AI Automated Code Refactoring: A Practical CLI Guide
Legacy codebases have a familiar smell: no test coverage, functions pushing 500 lines, global variables everywhere, and comments that contradict the logic they're supposed to explain. Handing one of these to a team typically means weeks or months of manual work before anything improves.
That's exactly where AI automated code refactoring earns its keep.

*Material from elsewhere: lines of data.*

lemma AE_jump_time_unbounded: "AE \<omega> in P. \<forall>s. \<exists>n. s < jump_time T n \<omega>"
proof -
  have "AE \<omega> in P. \<exists>n. real j < jump_time T n \<omega>" for j :: nat
  proof -
    let ?N = "{\<omega>\<in>space P. \<forall>n. jump_time T n \<omega> \<le> real j}"
    have le: "measure P ?N \<le> exp (real j) * inverse (real (Suc n))" for n
    proof -
      have "emeasure P ?N \<le> emeasure P {\<omega>\<in>space P. jump_time T n \<omega> \<le> real j}"
        by (intro emeasure_mono) auto
      also have "\<dots> \<le> ennreal (exp (real j) / (real n + 1))"
        by (rule emeasure_jump_time_le_bound)
      finally show ?thesis
        by (simp add: emeasure_eq_measure field_simps)
    qed
    have lim: "(\<lambda>n. exp (real j) * inverse (real (Suc n))) \<longlonglongrightarrow> exp (real j) * 0"
      by (intro tendsto_mult_left LIMSEQ_inverse_real_of_nat)
    have "measure P ?N \<le> exp (real j) * 0"
      by (rule LIMSEQ_le_const[OF lim]) (use le in blast)
    then have "\<P>(\<omega> in P. \<forall>n. jump_time T n \<omega> \<le> real j) = 0"
      by (simp add: measure_le_0_iff)
    then show ?thesis
      by (simp add: prob_Collect_eq_0 not_le)
  qed
  then have "AE \<omega> in P. \<forall>j::nat. \<exists>n. real j < jump_time T n \<omega>"
    by (simp add: AE_all_countable)
  then show ?thesis
    by eventually_elim (meson real_arch_simple le_less_trans)
qed

lemma emeasure_jump_time_gt_bound:
  assumes "1 \<le> m"
  shows "emeasure P {\<omega>\<in>space P. a < jump_time T m \<omega>} \<le> ennreal (2 * sqrt (real m) * exp (- a / 2))"
proof -
  have "emeasure P {\<omega>\<in>space P. a < jump_time T m \<omega>} \<le> emeasure P {\<omega>\<in>space P. a \<le> jump_time T m \<omega>}"
    by (intro emeasure_mono) auto
  also have "\<dots> \<le> ennreal (exp (- (1/2) * a) * (\<Prod>k=1..m. real k / (real k - 1/2)))"
    by (rule emeasure_jump_time_ge_bound) auto
  also have "\<dots> \<le> ennreal (2 * sqrt (real m) * exp (- a / 2))"
    using prod_frac_minus_half_le[OF assms] by (intro ennreal_leI) (simp add: mult_ac)
  finally show ?thesis .
qed
section \<open>Cohomology in degree 2\<close>

lemma idealA_const_coeff: "p \<in> idealA \<Longrightarrow> p [] = 0"
  unfolding idealA_def cspan_eq_span
proof (erule ncpoly.span_induct[OF _ subspace_coeff_zero[of "[]"], simplified])
  fix g assume "g \<in> {ncmul (ncmul (mono u) r) (mono v) | u v r.
      set u \<subseteq> {..<4} \<and> set v \<subseteq> {..<4} \<and> r \<in> rels}"
  then obtain u v r where g: "g = ncmul (ncmul (mono u) r) (mono v)" and "r \<in> rels" by blast
  then obtain k l m where "g =
       mono (u @ [0,k] @ v) - mono (u @ [k,0] @ v) - (mono (u @ [l,m] @ v) - mono (u @ [m,l] @ v))"
    using ideal_generator_eq_monomials by metis
  then show "g [] = 0" by (simp add: mono_apply)
qed

lemma kdelta_const_coeff: "kdelta g x [] = 0"
  by (simp add: kdelta_def sum_fun_apply ncmul_def gen_def mono_apply)

lemma coboundary_const_coeff:
  assumes "coboundary n h" "n \<noteq> 0" "x \<in> kW n"
  shows "h x [] = 0"
proof -
  obtain g where "h x - kdelta g x \<in> idealA"
    using assms unfolding coboundary_def equivC_def by auto
  then show ?thesis
    using idealA_const_coeff kdelta_const_coeff by fastforce
qed

lemma cochain_zero: "f \<in> cochain n \<Longrightarrow> f 0 = 0"
proof -
  assume f: "f \<in> cochain n"
  have "f (scal 0 0) = scal 0 (f 0)"
    using f zero_in_kW unfolding cochain_def by blast
  then show "f 0 = 0"
    by (simp add: scal_def zero_fun_def)
qed

lemma cocycleI_kW_Suc_zero:
  assumes "kW (Suc n) = {0}" and "f \<in> cochain n"
  shows "cocycle n f"
proof -
  have "contract i 0 = 0" for i
    by (simp add: contract_def zero_fun_def)
  then have "kdelta f 0 = 0"
    using cochain_zero[OF assms(2)] by (simp add: kdelta_def ncmul_def zero_fun_def)
  then show ?thesis
    using assms(1) ncpoly.span_zero
    by (auto simp: cocycle_def equivC_def idealA_def cspan_eq_span)
qed

definition coeff_cochain :: "nat list \<Rightarrow> ncpoly \<Rightarrow> ncpoly" where
  "coeff_cochain w x = scal (x w) (mono [])"

lemma coeff_cochain_in_cochain: "coeff_cochain w \<in> cochain n"
proof -
  have "mono [] \<in> ncp"
    using mono_in_Thom[of "[]"] by (simp add: Thom_def)
  then show ?thesis
    using ncpoly.subspace_scale[OF subspace_ncp]
    by (auto simp: cochain_def coeff_cochain_def scal_def fun_eq_iff distrib_right)
qed

lemma cochain_add: "f \<in> cochain n \<Longrightarrow> g \<in> cochain n \<Longrightarrow> (\<lambda>x. f x + g x) \<in> cochain n"
  using ncpoly.subspace_add[OF subspace_ncp]
  by (auto simp: cochain_def scal_def fun_eq_iff distrib_left)

lemma cochain_scale: "f \<in> cochain n \<Longrightarrow> (\<lambda>x. scal c (f x)) \<in> cochain n"
  using ncpoly.subspace_scale[OF subspace_ncp]
  by (auto simp: cochain_def scal_def fun_eq_iff mult.left_commute distrib_left)

lemma not_cohom_iso_trivial_2: "\<not> cohom_iso_trivial 2"
proof
  assume "cohom_iso_trivial 2"
  then obtain \<phi> :: "(ncpoly \<Rightarrow> ncpoly) \<Rightarrow> complex" where
    add: "\<And>f g. f \<in> cochain 2 \<Longrightarrow> g \<in> cochain 2 \<Longrightarrow> cocycle 2 f \<Longrightarrow> cocycle 2 g \<Longrightarrow>
       \<phi> (\<lambda>x. f x + g x) = \<phi> f + \<phi> g" and
    scale: "\<And>c f. f \<in> cochain 2 \<Longrightarrow> cocycle 2 f \<Longrightarrow> \<phi> (\<lambda>x. scal c (f x)) = c * \<phi> f" and
    kernel: "\<And>f. f \<in> cochain 2 \<Longrightarrow> cocycle 2 f \<Longrightarrow> \<phi> f = 0 \<longleftrightarrow> coboundary 2 f"
    unfolding cohom_iso_trivial_def by blast
  have cocycle: "cocycle 2 f" if "f \<in> cochain 2" for f
    using cocycleI_kW_Suc_zero[OF kW_eq_zero that] by simp
  define f1 where "f1 = coeff_cochain [0,1]"
  define f2 where "f2 = coeff_cochain [0,2]"
  have f1: "f1 \<in> cochain 2" and f2: "f2 \<in> cochain 2"
    unfolding f1_def f2_def by (rule coeff_cochain_in_cochain)+
  \<comment> \<open>the combination of \<open>f1\<close> and \<open>f2\<close> killed by \<open>\<phi>\<close>\<close>
  define h where "h = (\<lambda>x. scal (\<phi> f2) (f1 x) + scal (- \<phi> f1) (f2 x))"
  have h: "h \<in> cochain 2"
    unfolding h_def by (intro cochain_add cochain_scale f1 f2)
  have "\<phi> h = \<phi> (\<lambda>x. scal (\<phi> f2) (f1 x)) + \<phi> (\<lambda>x. scal (- \<phi> f1) (f2 x))"
    unfolding h_def using f1 f2 by (intro add cochain_scale cocycle)
  also have "\<dots> = \<phi> f2 * \<phi> f1 + - \<phi> f1 * \<phi> f2"
    using f1 f2 by (simp only: scale cocycle)
  finally have "coboundary 2 h"
    using kernel[OF h cocycle[OF h]] by simp
  then have "h (relator 2 3 1) [] = 0"
    by (rule coboundary_const_coeff) (simp_all add: relator_in_kW2)
  then have "\<phi> f1 = 0"
    by (simp add: h_def f1_def f2_def coeff_cochain_def scal_def mono_apply relator_coeff)
  then have "coboundary 2 f1"
    using kernel[OF f1 cocycle[OF f1]] by simp
  then have "f1 (relator 1 2 3) [] = 0"
    by (rule coboundary_const_coeff) (simp_all add: relator_in_kW2)
  then show False
    by (simp add: f1_def coeff_cochain_def scal_def mono_apply relator_coeff)
qed

lemma not_gorenstein: "\<not> gorenstein"
  using not_cohom_iso_trivial_2 by (auto simp: gorenstein_def koszul_length_iff)

theorem mainTheorem8:
  shows "exponential_growth \<and> \<not> gorenstein"
  using has_exponential_growth not_gorenstein by blast

end
(* In the setting of the linkage $\mathcal{L}$, for each case $k\in\{1,2,3\}$ of the classification below there is a planar map $\sigma_k$ of the $xz$-plane with $\sigma_k(A_0)=B_0$ and $\sigma_k(A_j)=B_j$: (1) If $L_j$ satisfies case 1 (i.e. $v_j=v_0=\pm\tfrac{u_0}{t_0}$ and $u_j=\tfrac{u_0t_j}{t_0}$, with $b$ on the compatible branch), then $\sigma_1$ is the central scaling with center $S_2$ mapping $S_1$ to $S_3$. (2) If $L_j$ satisfies case 2 (i.e. $v_0=\mp\tfrac{u_0}{t_0}$, $v_j=\mp\tfrac{u_0(s_0^2-t_0^2)}{t_0(s_j^2-t_j^2)}$, $u_j=\tfrac{\sqrt{t_0v_j(s_j^2t_0v_j\pm s_0^2u_0\mp t_0^2u_0)}}{t_0}$, with $b$ on the compatible branch), then $\sigma_2$ is the perspective collineation with center $S_2$ and axis the line orthogonal to $q$ through the midpoint $M$ of $S_1$ and $S_3$, mapping $S_1$ to $S_3$. (3) If $L_j$ satisfies case 3 (i.e. $v_j=v_0$, $u_j=\sqrt{s_j^2v_0^2-s_0^2v_0^2+u_0^2}$, $t_j=\sqrt{s_j^2-s_0^2+t_0^2}$), then with $\alpha$ and $\beta$ the lines orthogonal to $q$ through $A_0$ and $B_0$ respectively, $A_j\in\alpha$, $B_j\in\beta$, and $\sigma_3$ is the central perspectivity with center $S_2$ mapping points of $\alpha$ to points of $\beta$.
   Context: Planar linkage $\mathcal{L}$ in the $xz$-plane: the $z$-axis is the line $q$; $S_2=(0,0,0)^T$, $S_1=(0,0,a)^T$ with $a>0$, $S_3=(0,0,b)^T$ with $b\neq0$, sliding along $q$. For each index $i\in\{0,\dots,p\}$ there are points $A_i=(d_i,0,z_i)^T$ and $B_i=v_iA_i$ ($v_i\neq 0$ fixed) with fixed lengths $s_i=\overline{S_2A_i}>0$, $t_i=\overline{S_1A_i}>0$, $u_i=\overline{S_3B_i}>0$, so that $d_i=\frac{\sqrt{2a^2s_i^2+2a^2t_i^2+2s_i^2t_i^2-a^4-s_i^4-t_i^4}}{2a}$, $z_i=\frac{a^2+s_i^2-t_i^2}{2a}$, and $b$ is determined from $\|B_0-S_3\|^2=u_0^2$ (two branches $b_\pm$; in cases 1 and 2 the branch is the one for which the linkage is mobile, depending on the sign of $z_0$ and of $v_0$). A central scaling is a homothety; a perspective collineation of the plane is a projective collineation fixing every point of a line (axis) and every line through a point (center). *)

theory Defs
  imports "HOL-Analysis.Analysis"
begin
(* A bipartite graph $G$ satisfies $\mathrm{diss}(G)=\alpha(G)$ if and only if there is no induced matching $N$ in $G$ such that every maximum matching of $G$ contains at least one edge of $N$.
   Context: All graphs are finite, simple and undirected. A set $I$ of vertices of a graph $G$ is a dissociation set if the induced subgraph $G[I]$ has maximum degree at most $1$; $\mathrm{diss}(G)$ is the maximum order of a dissociation set in $G$. $\alpha(G)$ is the independence number. An induced matching is a matching $N$ such that the subgraph of $G$ induced by the vertices covered by $N$ has edge set exactly $N$. *)

theory Defs
  imports Main
begin

definition simple_graph :: "'a set \<Rightarrow> 'a set set \<Rightarrow> bool" where
  "simple_graph V E \<longleftrightarrow> finite V \<and> (\<forall>e\<in>E. e \<subseteq> V \<and> card e = 2)"

definition bipartite :: "'a set \<Rightarrow> 'a set set \<Rightarrow> bool" where
  "bipartite V E \<longleftrightarrow> (\<exists>A B. A \<union> B = V \<and> A \<inter> B = {} \<and>
     (\<forall>e\<in>E. e \<inter> A \<noteq> {} \<and> e \<inter> B \<noteq> {}))"

definition independent_set :: "'a set \<Rightarrow> 'a set set \<Rightarrow> 'a set \<Rightarrow> bool" where
  "independent_set V E I \<longleftrightarrow> I \<subseteq> V \<and> (\<forall>u\<in>I. \<forall>v\<in>I. {u, v} \<notin> E)"

definition dissociation_set :: "'a set \<Rightarrow> 'a set set \<Rightarrow> 'a set \<Rightarrow> bool" where
  "dissociation_set V E I \<longleftrightarrow> I \<subseteq> V \<and> (\<forall>v\<in>I. card {u\<in>I. {u, v} \<in> E} \<le> 1)"

definition independence_number :: "'a set \<Rightarrow> 'a set set \<Rightarrow> nat" where
  "independence_number V E = Max (card ` {I. independent_set V E I})"

definition diss :: "'a set \<Rightarrow> 'a set set \<Rightarrow> nat" where
  "diss V E = Max (card ` {I. dissociation_set V E I})"

definition matching :: "'a set set \<Rightarrow> 'a set set \<Rightarrow> bool" where
  "matching E M \<longleftrightarrow> M \<subseteq> E \<and> (\<forall>e\<in>M. \<forall>f\<in>M. e \<noteq> f \<longrightarrow> e \<inter> f = {})"

definition maximum_matching :: "'a set set \<Rightarrow> 'a set set \<Rightarrow> bool" where
  "maximum_matching E M \<longleftrightarrow> matching E M \<and> (\<forall>M'. matching E M' \<longrightarrow> card M' \<le> card M)"

definition induced_matching :: "'a set set \<Rightarrow> 'a set set \<Rightarrow> bool" where
  "induced_matching E N \<longleftrightarrow> matching E N \<and> {e\<in>E. e \<subseteq> \<Union>N} = N"

end

theory Submission
  imports Defs
begin

text \<open>In a bipartite graph the Koenig-Egervary theorem gives \<open>\<alpha>(G) + \<nu>(G) = |V|\<close>, \<open>\<nu>\<close> the matching number, so
  the claim is that \<open>diss(G) + \<nu>(G) > |V|\<close> exactly when some induced matching \<open>N\<close> meets every
  maximum matching. Given such \<open>N\<close>, a maximum matching of \<open>G - N\<close> is not maximum in \<open>G\<close>, so a
  minimum vertex cover \<open>C\<close> of \<open>G - N\<close> has fewer than \<open>\<nu>(G)\<close> vertices; every edge of \<open>G\<close> inside
  \<open>V - C\<close> lies in the matching \<open>N\<close>, so \<open>V - C\<close> is a dissociation set. Conversely the edges inside a
  maximum dissociation set \<open>D\<close> form an induced matching, and a matching avoiding them has an end of
  every edge in \<open>V - D\<close>, hence at most \<open>|V| - diss(G) < \<nu>(G)\<close> edges.\<close>

section \<open>Hall's theorem\<close>

lemma hall_condition_minus_tight_set:
  assumes hall: "\<And>S. S \<subseteq> A \<Longrightarrow> card S \<le> card (\<Union>(N ` S))"
    and "finite A" and S: "S \<subseteq> A" "card (\<Union>(N ` S)) \<le> card S" and T: "T \<subseteq> A - S"
  shows "card T \<le> card (\<Union>a\<in>T. N a - \<Union>(N ` S))"
proof -
  have "finite T" "finite S" using T S \<open>finite A\<close> finite_subset by blast+
  then have "card T + card S = card (T \<union> S)" using T by (subst card_Un_disjoint) auto
  also have "\<dots> \<le> card (\<Union>(N ` (T \<union> S)))" using T S by (intro hall) auto
  also have "\<Union>(N ` (T \<union> S)) = (\<Union>a\<in>T. N a - \<Union>(N ` S)) \<union> \<Union>(N ` S)" by auto
  also have "card \<dots> \<le> card (\<Union>a\<in>T. N a - \<Union>(N ` S)) + card (\<Union>(N ` S))" by (rule card_Un_le)
  finally show ?thesis using S(2) by linarith
qed

lemma hall_condition_minus_point:
  assumes surplus: "\<And>S. S \<noteq> {} \<Longrightarrow> S \<subset> A \<Longrightarrow> card S < card (\<Union>(N ` S))"
    and "a \<in> A" and T: "T \<subseteq> A - {a}"
  shows "card T \<le> card (\<Union>x\<in>T. N x - {b})"
proof (cases "T = {}")
  case False
  then have lt: "card T < card (\<Union>(N ` T))" using surplus T \<open>a \<in> A\<close> by blast
  have "card (\<Union>(N ` T)) - 1 \<le> card (\<Union>(N ` T) - {b})"
    by (simp add: card_Diff_singleton_if)
  also have "\<Union>(N ` T) - {b} = (\<Union>x\<in>T. N x - {b})" by blast
  finally show ?thesis using lt by linarith
qed simp

lemma ex_inj_representatives_Un:
  assumes f: "inj_on f S" "\<forall>a\<in>S. f a \<in> N a"
    and g: "inj_on g T" "\<forall>a\<in>T. g a \<in> N a - f ` S" and "S \<inter> T = {}"
  shows "\<exists>h. inj_on h (S \<union> T) \<and> (\<forall>a\<in>S \<union> T. h a \<in> N a)"
proof -
  define h where "h a = (if a \<in> S then f a else g a)" for a
  have "inj_on h S" using f(1) by (simp add: h_def inj_on_def)
  moreover have "inj_on h T" using g(1) \<open>S \<inter> T = {}\<close> by (auto simp: h_def inj_on_def)
  moreover have "h ` (S - T) \<subseteq> f ` S" "h ` (T - S) \<inter> f ` S = {}" using g(2) by (auto simp: h_def)
  then have "h ` (S - T) \<inter> h ` (T - S) = {}" by blast
  ultimately have "inj_on h (S \<union> T)" by (simp add: inj_on_Un)
  moreover have "\<forall>a\<in>S \<union> T. h a \<in> N a" using f(2) g(2) by (auto simp: h_def)
  ultimately show ?thesis by blast
qed

theorem hall_marriage:
  assumes "finite A" and "\<And>S. S \<subseteq> A \<Longrightarrow> card S \<le> card (\<Union>(N ` S))"
  shows "\<exists>f. inj_on f A \<and> (\<forall>a\<in>A. f a \<in> N a)"
  using assms
proof (induction "card A" arbitrary: A N rule: less_induct)
  case less
  consider (empty) "A = {}"
    | (tight) S where "S \<noteq> {}" "S \<subset> A" "card (\<Union>(N ` S)) \<le> card S"
    | (surplus) a where "a \<in> A" "\<And>S. S \<noteq> {} \<Longrightarrow> S \<subset> A \<Longrightarrow> card S < card (\<Union>(N ` S))"
    by (meson ex_in_conv not_le)
  then show ?case
  proof cases
    case empty
    then show ?thesis by simp
  next
    case tight
    have "S \<subseteq> A" "A - S \<subset> A" using tight by blast+
    have "finite S" "finite (A - S)" using \<open>S \<subseteq> A\<close> finite_subset[OF _ less.prems(1)] by blast+
    have "card S < card A" "card (A - S) < card A"
      using psubset_card_mono[OF less.prems(1)] tight(2) \<open>A - S \<subset> A\<close> by blast+
    have hall_S: "card T \<le> card (\<Union>(N ` T))" if "T \<subseteq> S" for T
      using that \<open>S \<subseteq> A\<close> less.prems(2) by blast
    have hall_A_S: "card T \<le> card (\<Union>a\<in>T. N a - \<Union>(N ` S))" if "T \<subseteq> A - S" for T
      using hall_condition_minus_tight_set[OF less.prems(2,1) \<open>S \<subseteq> A\<close> tight(3) that] .
    obtain f where f: "inj_on f S" "\<forall>a\<in>S. f a \<in> N a"
      using less.hyps[OF \<open>card S < card A\<close> \<open>finite S\<close> hall_S] by blast
    obtain g where g: "inj_on g (A - S)" "\<forall>a\<in>A - S. g a \<in> N a - \<Union>(N ` S)"
      using less.hyps[OF \<open>card (A - S) < card A\<close> \<open>finite (A - S)\<close> hall_A_S] by blast
    moreover have "f ` S \<subseteq> \<Union>(N ` S)" using f(2) by blast
    ultimately have "\<forall>a\<in>A - S. g a \<in> N a - f ` S" by blast
    moreover have "S \<inter> (A - S) = {}" by blast
    ultimately obtain h where "inj_on h (S \<union> (A - S))" "\<forall>a\<in>S \<union> (A - S). h a \<in> N a"
      using ex_inj_representatives_Un[OF f g(1)] by blast
    moreover have "S \<union> (A - S) = A" using tight(2) by blast
    ultimately show ?thesis by auto
  next
    case surplus
    have "N a \<noteq> {}" using less.prems(2)[of "{a}"] surplus(1) by auto
    then obtain b where "b \<in> N a" by blast
    have "card (A - {a}) < card A" by (rule card_Diff1_less[OF less.prems(1) surplus(1)])
    then obtain g where "inj_on g (A - {a})" "\<forall>x\<in>A - {a}. g x \<in> N x - (\<lambda>_. b) ` {a}"
      using less.hyps[of "A - {a}" "\<lambda>x. N x - {b}"] less.prems(1)
        hall_condition_minus_point[OF surplus(2) surplus(1)] by auto
    then obtain h where "inj_on h ({a} \<union> (A - {a}))" "\<forall>x\<in>{a} \<union> (A - {a}). h x \<in> N x"
      using ex_inj_representatives_Un[of "\<lambda>_. b" "{a}" N] \<open>b \<in> N a\<close> by blast
    moreover have "{a} \<union> (A - {a}) = A" using surplus(1) by blast
    ultimately show ?thesis by auto
  qed
qed

lemma hall_deficiency:
  assumes "finite A" "\<And>a. a \<in> A \<Longrightarrow> finite (N a)"
    and "\<And>S. S \<subseteq> A \<Longrightarrow> card S \<le> card (\<Union>(N ` S)) + d"
  shows "\<exists>A' f. A' \<subseteq> A \<and> card A \<le> card A' + d \<and> inj_on f A' \<and> (\<forall>a\<in>A'. f a \<in> N a)"
proof -
  \<comment> \<open>Give every \<open>a\<close> the same \<open>d\<close> extra representatives; Hall's condition then holds,
    and the elements of \<open>A\<close> matched to genuine representatives form \<open>A'\<close>.\<close>
  define N' where "N' a = N a <+> {..<d}" for a
  have "card S \<le> card (\<Union>(N' ` S))" if "S \<subseteq> A" for S
  proof (cases "S = {}")
    case False
    have "finite (\<Union>(N ` S))" using that assms(1,2) finite_subset by blast
    moreover have "\<Union>(N' ` S) = \<Union>(N ` S) <+> {..<d}" using False by (auto simp: N'_def)
    ultimately show ?thesis using assms(3)[OF that] by (simp add: card_Plus)
  qed simp
  then obtain g where g: "inj_on g A" "\<forall>a\<in>A. g a \<in> N' a"
    using hall_marriage[OF assms(1)] by blast
  define A' where "A' = {a \<in> A. isl (g a)}"
  have "card (A - A') \<le> d"
  proof -
    have "g ` (A - A') \<subseteq> Inr ` {..<d}" using g(2) by (auto simp: A'_def N'_def)
    from card_mono[OF _ this] have "card (g ` (A - A')) \<le> d" by (simp add: card_image inj_on_def)
    then show ?thesis using g(1) by (simp add: card_image inj_on_subset)
  qed
  moreover have "inj_on (projl \<circ> g) A'"
    using g(1) by (auto simp: A'_def inj_on_def isl_def)
  moreover have "\<forall>a\<in>A'. (projl \<circ> g) a \<in> N a" using g(2) by (auto simp: A'_def N'_def)
  moreover have "A' \<subseteq> A" "card A \<le> card A' + card (A - A')"
    using assms(1) by (auto simp: A'_def card_Diff_subset card_mono)
  ultimately show ?thesis by (meson add_le_mono1 le_trans add_left_mono)
qed

section \<open>The Koenig-Egervary theorem\<close>

lemma ex_max_deficiency:
  assumes "finite A"
  obtains S d where "S \<subseteq> A" "card S = card (\<Union>(N ` S)) + d"
    "\<And>T. T \<subseteq> A \<Longrightarrow> card T \<le> card (\<Union>(N ` T)) + d"
proof -
  define deficiency where "deficiency T = card T - card (\<Union>(N ` T))" for T
  have "finite (deficiency ` Pow A)" "deficiency ` Pow A \<noteq> {}" using assms by auto
  then have "Max (deficiency ` Pow A) \<in> deficiency ` Pow A" by (rule Max_in)
  then obtain S where S: "S \<subseteq> A" "deficiency S = Max (deficiency ` Pow A)" by auto
  have max: "deficiency T \<le> deficiency S" if "T \<subseteq> A" for T
    using S(2) Max_ge[OF \<open>finite (deficiency ` Pow A)\<close>] that by simp
  have bound: "card T \<le> card (\<Union>(N ` T)) + deficiency S" if "T \<subseteq> A" for T
    using max[OF that] unfolding deficiency_def by linarith
  show ?thesis
  proof (cases "card (\<Union>(N ` S)) \<le> card S")
    case True
    then have "card S = card (\<Union>(N ` S)) + deficiency S" unfolding deficiency_def by linarith
    then show ?thesis using that S(1) bound by blast
  next
    case False
    \<comment> \<open>truncated subtraction: the maximum deficiency is then \<open>0\<close>, attained by \<open>{}\<close>\<close>
    then have "deficiency S = 0" unfolding deficiency_def by linarith
    then show ?thesis using that[of "{}" 0] bound by simp
  qed
qed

Not by making every decision for you, but by compressing the friction across the full pipeline: understand existing code → generate candidate changes → validate the result. This article walks through a repeatable workflow using three mainstream coding CLIs — Claude Code, Codex (OpenAI CLI), and Gemini CLI — along with the real pitfalls you'll hit and how to control for them.
Step 1: Map the Codebase Before Touching Anything
You need a quantitative baseline before AI touches a single line. Two metrics matter most.
Cyclomatic complexity and test coverage
# Python: generate a complexity report with radon
radon cc ./src -s -a
# Establish a coverage baseline
pytest --cov=src --cov-report=term-missing
Treat these as hard gates, not guidelines: any function with cyclomatic complexity above 15 goes to the top of the refactoring queue. Any module with less than 40% test coverage is off-limits for logic changes until you've written tests for it. No exceptions.
Generate a code map with AI
Use Claude Code for the first scan:
claude "Analyze ./src. List: 1) functions over 200 lines; 2) utilities depended on by 3+ modules; 3) duplicated logic blocks with >70% similarity. Output a markdown table."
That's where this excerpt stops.